PROMPT. Repeat verbatim, and only, the lines of the data below, beginning at the line that contains "define f where" and stopping after the line that contains "- card Q < n".

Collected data
========================================

lemma PiP_in_span_Tprod: "PiP n P \<in> lspan (Tprod ` oddcomps n)"
proof (induction "n - card P" arbitrary: P rule: less_induct)
  case less
  let ?L = "lspan (Tprod ` oddcomps n)"
  show ?case
  proof (cases "P \<in> HP ` comps n")
    case False
    then have "{J \<in> comps n. HP J = P} = {}"
      by blast
    then have "PiP n P = 0"
      unfolding PiP_def by (simp only: sum.empty)
    then show ?thesis
      by (simp add: lspan_zero)
  next
    case True
    then obtain J0 where J0: "J0 \<in> comps n" and P: "P = peak_set (Des J0)"
      by (auto simp: HP_eq_peak_set)
    have "P \<subseteq> {2..<n}"
      unfolding P by (rule peak_set_bounds[OF Des_subset[OF J0]])
    moreover have "\<forall>a\<in>P. Suc a \<notin> P"
      unfolding P using Suc_notin_peak_set by blast
    ultimately obtain I where I: "I \<in> oddcomps n" "block_peaks I = P"
      using block_peaks_surj by blast
    define f where "f = Tprod I - PiP n P"
    have terms: "smul (ribbon_coeff f n Q) (PiP n Q) \<in> ?L" if "Q \<in> HP ` comps n" for Q
    proof (cases "ribbon_coeff f n Q = 0")
      case False
      from \<open>Q \<in> HP ` comps n\<close> obtain J where "J \<in> comps n" "Q = peak_set (Des J)"
        by (auto simp: HP_eq_peak_set)
      then have Q: "Q \<subseteq> {1..<n}" "peak_set Q = Q"
        using Des_subset peak_set_subset peak_set_idem by blast+
      then have coeff: "ribbon_coeff f n Q = ribbon_coeff (Tprod I) n Q - (if Q = P then 1 else 0)"
        by (simp add: f_def ribbon_coeff_diff ribbon_coeff_PiP)
      then have "Q \<noteq> P"
        using False ribbon_coeff_Tprod_block_peaks[OF I(1)] I(2) by auto
      then have "P \<subset> Q"
        using False coeff Tprod_triangular[OF I(1) Q(1)] I(2) Q(2) by auto
      moreover have "finite Q" "card Q \<le> n"
        using Q(1) finite_subset card_mono[OF _ Q(1)] by fastforce+
      ultimately have "n - card Q < n - card P"
        using psubset_card_mono[of Q P] by linarith
      then show ?thesis
        by (intro lspan_smul less.hyps)
    qed (simp add: lspan_zero)
    have "peak_invariant n f"
      unfolding f_def using I(1) by (intro peak_invariant_diff peak_invariant_Tprod peak_invariant_PiP)
    then have "f = (\<Sum>Q\<in>HP ` comps n. smul (ribbon_coeff f n Q) (PiP n Q))"
      by (rule peak_expansion)
    also have "\<dots> \<in> ?L"
      using terms by (rule lspan_sum)
    finally have "f \<in> ?L" .
    moreover have "Tprod I \<in> ?L"
      using I(1) by (intro lspan_superset) blast
    ultimately have "Tprod I - f \<in> ?L"
      by (intro lspan_diff)
    then show ?thesis
      by (simp add: f_def)
  qed
qed

lemma lspan_Tprod_eq_Pn: "lspan (Tprod ` oddcomps n) = Pn n"
proof
  have "Tprod ` oddcomps n \<subseteq> Pn n"
    using peak_invariant_Tprod by (auto simp: Pn_eq_peak_invariant)
  then show "lspan (Tprod ` oddcomps n) \<subseteq> Pn n"
    by (rule lspan_minimal)
      (auto simp: Pn_eq_peak_invariant intro: peak_invariant_zero peak_invariant_add peak_invariant_smul)
  show "Pn n \<subseteq> lspan (Tprod ` oddcomps n)"
    unfolding Pn_def
    by (rule lspan_minimal) (auto intro: PiP_in_span_Tprod lspan_zero lspan_add lspan_smul)
qed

========================================

ANSWER SECTION.
    define f where "f = Tprod I - PiP n P"
    have terms: "smul (ribbon_coeff f n Q) (PiP n Q) \<in> ?L" if "Q \<in> HP ` comps n" for Q
    proof (cases "ribbon_coeff f n Q = 0")
      case False
      from \<open>Q \<in> HP ` comps n\<close> obtain J where "J \<in> comps n" "Q = peak_set (Des J)"
        by (auto simp: HP_eq_peak_set)
      then have Q: "Q \<subseteq> {1..<n}" "peak_set Q = Q"
        using Des_subset peak_set_subset peak_set_idem by blast+
      then have coeff: "ribbon_coeff f n Q = ribbon_coeff (Tprod I) n Q - (if Q = P then 1 else 0)"
        by (simp add: f_def ribbon_coeff_diff ribbon_coeff_PiP)
      then have "Q \<noteq> P"
        using False ribbon_coeff_Tprod_block_peaks[OF I(1)] I(2) by auto
      then have "P \<subset> Q"
        using False coeff Tprod_triangular[OF I(1) Q(1)] I(2) Q(2) by auto
      moreover have "finite Q" "card Q \<le> n"
        using Q(1) finite_subset card_mono[OF _ Q(1)] by fastforce+
      ultimately have "n - card Q < n - card P"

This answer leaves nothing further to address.